UCREL / pymusas

Python Multilingual Ucrel Semantic Analysis System
https://ucrel.github.io/pymusas/
Apache License 2.0
30 stars 12 forks source link

Create a Spacy version of the rule based tagger #4

Closed apmoore1 closed 2 years ago

apmoore1 commented 3 years ago

We want the Spacy version to allow for multiple languages, following their language-specific factory setup. As the rule based tagger requires a lexicon resource, we need to load in data, to do this we are going to follow option 2: Save data with the pipeline and load it in once on initialization. Option 2 was chosen as it will allow us to ship the models without the user having to specify where the data has come from, we can state in the shipped models where the data has come from with the license for the data which will reflect the license of the model.

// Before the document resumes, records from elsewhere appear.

lemma Hq_strict_mono:
  assumes "q \<ge> 2" "0 < x" "x < y" "y < (real q - 1) / real q"
  shows "Hq q x < Hq q y"
proof (rule DERIV_pos_imp_increasing[OF \<open>x < y\<close>])
  fix t assume t: "x \<le> t" "t \<le> y"
  then have "0 < t" "t < (real q - 1) / real q"
    using assms by auto
  moreover have "(real q - 1) / real q < 1"
    using assms(1) by simp
  ultimately have "t < 1"
    by linarith
  have "t < (real q - 1) * (1 - t)"
    using \<open>t < (real q - 1) / real q\<close> assms(1) by (simp add: field_simps)
  then have "ln t < ln ((real q - 1) * (1 - t))"
    using \<open>0 < t\<close> by simp
  also have "\<dots> = ln (real q - 1) + ln (1 - t)"
    using \<open>t < 1\<close> assms(1) by (simp add: ln_mult)
  finally have "ln t < ln (real q - 1) + ln (1 - t)" .
  then have "0 < (ln (real q - 1) - ln t + ln (1 - t)) / ln (real q)"
    using assms(1) by simp
  then show "\<exists>d. (Hq q has_real_derivative d) (at t) \<and> 0 < d"
    using Hq_has_real_derivative[OF \<open>0 < t\<close> \<open>t < 1\<close>] by blast
qed

lemma Hq_maximum:
  assumes "q \<ge> 2"
  shows "Hq q ((real q - 1) / real q) = 1"
proof -
  have "1 - (real q - 1) / real q = 1 / real q"
    using assms by (simp add: field_simps)
  moreover have "ln ((real q - 1) / real q) = ln (real q - 1) - ln (real q)"
    using assms by (simp add: ln_div)
  moreover have "0 < ln (real q)"
    using assms by simp
  ultimately show ?thesis
    unfolding Hq_eq_ln using assms by (simp add: ln_div field_simps)
qed

lemma Mq_0:
  assumes "q \<ge> 2"
  shows "Mq q 0 = 1"
  using assms by (simp add: Mq_eq_Hq_Mq_inner Mq_inner_0 Hq_maximum)

lemma Mq_strict_antimono:
  assumes "q \<ge> 2" "0 < \<delta>" "\<delta> < \<delta>'" "\<delta>' < (real q - 1) / real q"
  shows "Mq q \<delta>' < Mq q \<delta>"
proof -
  have "Mq_inner q \<delta>' < Mq_inner q \<delta>" "Mq_inner q \<delta> < Mq_inner q 0"
    using assms Mq_inner_strict_antimono[of q] by auto
  moreover have "0 < Mq_inner q \<delta>'"
    using assms by (intro Mq_inner_pos) auto
  ultimately show ?thesis
    unfolding Mq_eq_Hq_Mq_inner using assms by (intro Hq_strict_mono) (auto simp: Mq_inner_0)
qed

lemma isCont_Mq:
  assumes "q \<ge> 2" "0 \<le> \<delta>" "\<delta> < (real q - 1) / real q"
  shows "isCont (Mq q) \<delta>"
proof -
  have "Mq_inner q \<delta> \<le> Mq_inner q 0"
    using assms Mq_inner_strict_antimono[of q 0 \<delta>] by (cases "\<delta> = 0") auto
  also have "\<dots> = (real q - 1) / real q"
    by (rule Mq_inner_0)
  also have "\<dots> < 1"
    using assms by simp
  finally have "isCont (Hq q) (Mq_inner q \<delta>)"
    using assms by (intro isCont_Hq Mq_inner_pos)
  then show ?thesis
    unfolding Mq_eq_Hq_Mq_inner[abs_def] by (intro isCont_o2[OF isCont_Mq_inner])
qed

lemma sqrt_2_bounds: "1.41 \<le> sqrt (2::real)" "sqrt (2::real) \<le> 1.5"
proof -
  have "sqrt (1.41\<^sup>2) \<le> sqrt (2::real)" "sqrt (2::real) \<le> sqrt (1.5\<^sup>2)"
    by (intro real_sqrt_le_mono; simp add: power2_eq_square)+
  then show "1.41 \<le> sqrt (2::real)" "sqrt (2::real) \<le> 1.5"
    by simp_all
qed

lemma ln_3_plus_2_sqrt_2_le: "ln (3 + 2 * sqrt 2) \<le> (2::real)"
proof -
  have "3 + 2 * sqrt 2 \<le> (1 + 2 / real 10 :: real) ^ 10"
    using sqrt_2_bounds by (simp add: power_divide)
  also have "\<dots> \<le> exp 2"
    by (rule exp_ge_one_plus_x_over_n_power_n) simp_all
  finally have "ln (3 + 2 * sqrt 2) \<le> ln (exp (2::real))"
    by (subst ln_le_cancel_iff) (auto intro: add_pos_nonneg)
  then show ?thesis
    by simp
qed

lemma mult_ln_ge: "0 < x \<Longrightarrow> x - 1 \<le> x * ln (x::real)"
  using ln_le_minus_one[of "1 / x"] by (simp add: ln_div field_simps)

lemma Hq_upper_bound:
  assumes "q \<ge> 2" "0 < y" "y < 1"
  shows "Hq q y \<le> y * (ln (real q - 1) - ln y + 1) / ln (real q)"
proof -
  have "- y \<le> (1 - y) * ln (1 - y)"
    using mult_ln_ge[of "1 - y"] assms by simp
  then show ?thesis
    unfolding Hq_eq_ln using assms by (intro divide_right_mono) (auto simp: algebra_simps)
qed

lemma Mq_inner_at_ratio:
  assumes "q \<ge> 2"
  shows "Mq_inner q ((real q - 1) / (real q + 1))
    = (real q - 1) * (3 - 2 * sqrt 2) / (real q * (real q + 1))"
proof -
  have "(real q - 1) * ((real q - 1) / (real q + 1)) * (1 - (real q - 1) / (real q + 1))
      = 2 * ((real q - 1) / (real q + 1))\<^sup>2"
    using assms by (simp add: field_simps power2_eq_square)
  then have "sqrt ((real q - 1) * ((real q - 1) / (real q + 1)) * (1 - (real q - 1) / (real q + 1)))
      = sqrt 2 * ((real q - 1) / (real q + 1))"
    using assms by (simp add: real_sqrt_mult)
  then show ?thesis
    unfolding Mq_inner_def using assms by (simp add: field_simps)
qed

lemma Mq_at_ratio_numeric_bound:
  fixes Q b :: real
  assumes "Q \<ge> 2" "b \<ge> 5.82"
  shows "(Q - 1) * (7/2 + 2 * ln Q) < Q * ln Q * b"
proof (cases "Q \<le> 3")
  case True
  have "ln 2 \<le> ln Q"
    using assms(1) by simp
  with ln2_ge_two_thirds have "2/3 \<le> ln Q"
    by linarith
  have "(Q - 1) * (7/2 + 2 * ln Q) \<le> (2/3 * Q) * (7/2 + 2 * ln Q)"
    using True \<open>2/3 \<le> ln Q\<close> by (intro mult_right_mono) auto
  also have "\<dots> < Q * (ln Q * 5.82)"
    using assms \<open>2/3 \<le> ln Q\<close> by simp
  also have "\<dots> \<le> Q * ln Q * b"
    using assms \<open>2/3 \<le> ln Q\<close> by simp
  finally show ?thesis .
next
  case False
  have "ln 3 < ln Q"
    using False by simp
  with ln3_gt_1 have "1 < ln Q"
    by linarith
  have "(Q - 1) * (7/2 + 2 * ln Q) < Q * (7/2 + 2 * ln Q)"
    using \<open>1 < ln Q\<close> by simp
  also have "\<dots> < Q * (ln Q * 5.82)"
    using assms \<open>1 < ln Q\<close> by simp
  also have "\<dots> \<le> Q * ln Q * b"
    using assms \<open>1 < ln Q\<close> by simp
  finally show ?thesis .
qed

lemma Mq_at_ratio_less:
  assumes "q \<ge> 2"
  shows "Mq q ((real q - 1) / (real q + 1)) < 1 / (real q + 1)"
proof -
  define Q where "Q = real q"
  define L where "L = ln Q"
  define b where "b = 3 + 2 * sqrt (2::real)"
  define y where "y = (Q - 1) / (Q * (Q + 1) * b)"
  have Q: "Q \<ge> 2" and L: "L > 0" and b: "b \<ge> 5.82"
    using assms sqrt_2_bounds by (auto simp: Q_def L_def b_def)
  have "(3 - 2 * sqrt 2) * b = 1"
    by (simp add: b_def algebra_simps)
  then have "3 - 2 * sqrt 2 = 1 / b"
    using b by (simp add: eq_divide_eq)
  then have y_eq: "Mq_inner q ((Q - 1) / (Q + 1)) = y"
    using Mq_inner_at_ratio[OF assms] by (simp add: Q_def y_def mult_ac)
  have "1 * 1 \<le> (Q + 1) * b"
    using Q b by (intro mult_mono) auto
  then have "Q * 1 \<le> Q * ((Q + 1) * b)"
    using Q by (intro mult_left_mono) auto
  then have "Q - 1 < Q * (Q + 1) * b"
    by (simp add: mult_ac)
  then have y: "0 < y" "y < 1"
    using Q b by (auto simp: y_def)
  have "1 + 1 / Q = (Q + 1) / Q"
    using Q by (simp add: field_simps)
  then have "ln (Q + 1) - L = ln (1 + 1 / Q)"
    using Q by (simp add: L_def ln_div)
  also have "\<dots> \<le> 1 / Q"
    using Q by (intro ln_add_one_self_le_self) simp
  also have "\<dots> \<le> 1 / 2"
    using Q by simp
  finally have log_bound: "ln (Q - 1) - ln y + 1 \<le> 2 * L + 7 / 2"
    using Q b ln_3_plus_2_sqrt_2_le by (simp add: y_def L_def b_def ln_div ln_mult)
  have "Mq q ((Q - 1) / (Q + 1)) = Hq q y"
    by (simp add: Mq_eq_Hq_Mq_inner y_eq)
  also have "\<dots> \<le> y * (ln (Q - 1) - ln y + 1) / L"
    using Hq_upper_bound[OF assms y] by (simp add: Q_def L_def)
  also have "\<dots> \<le> y * (2 * L + 7 / 2) / L"
    using log_bound y L
    by (intro divide_right_mono mult_left_mono) auto
  also have "\<dots> = (Q - 1) * (7 / 2 + 2 * L) / (Q * L * b * (Q + 1))"
    by (simp add: y_def mult_ac)
  also have "\<dots> < (Q * L * b) / (Q * L * b * (Q + 1))"
    using Mq_at_ratio_numeric_bound[OF Q b] Q L b by (intro divide_strict_right_mono) (auto simp: L_def)
  also have "\<dots> = 1 / (Q + 1)"
    using Q L b by simp
  finally show ?thesis
    unfolding Q_def .
qed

With Option 1 we would either have to create download functions that save data to the users file system or we would have to ship the data with the python package, this would then require us to have different licenses for the code and data even though they are in the same repository.

apmoore1 commented 3 years ago

Whether or not to add the data for each language through the pymusas package or wether it should be automatically downloaded when creating a resource.

apmoore1 commented 2 years ago

Whether or not to add the data for each language through the pymusas package or wether it should be automatically downloaded when creating a resource.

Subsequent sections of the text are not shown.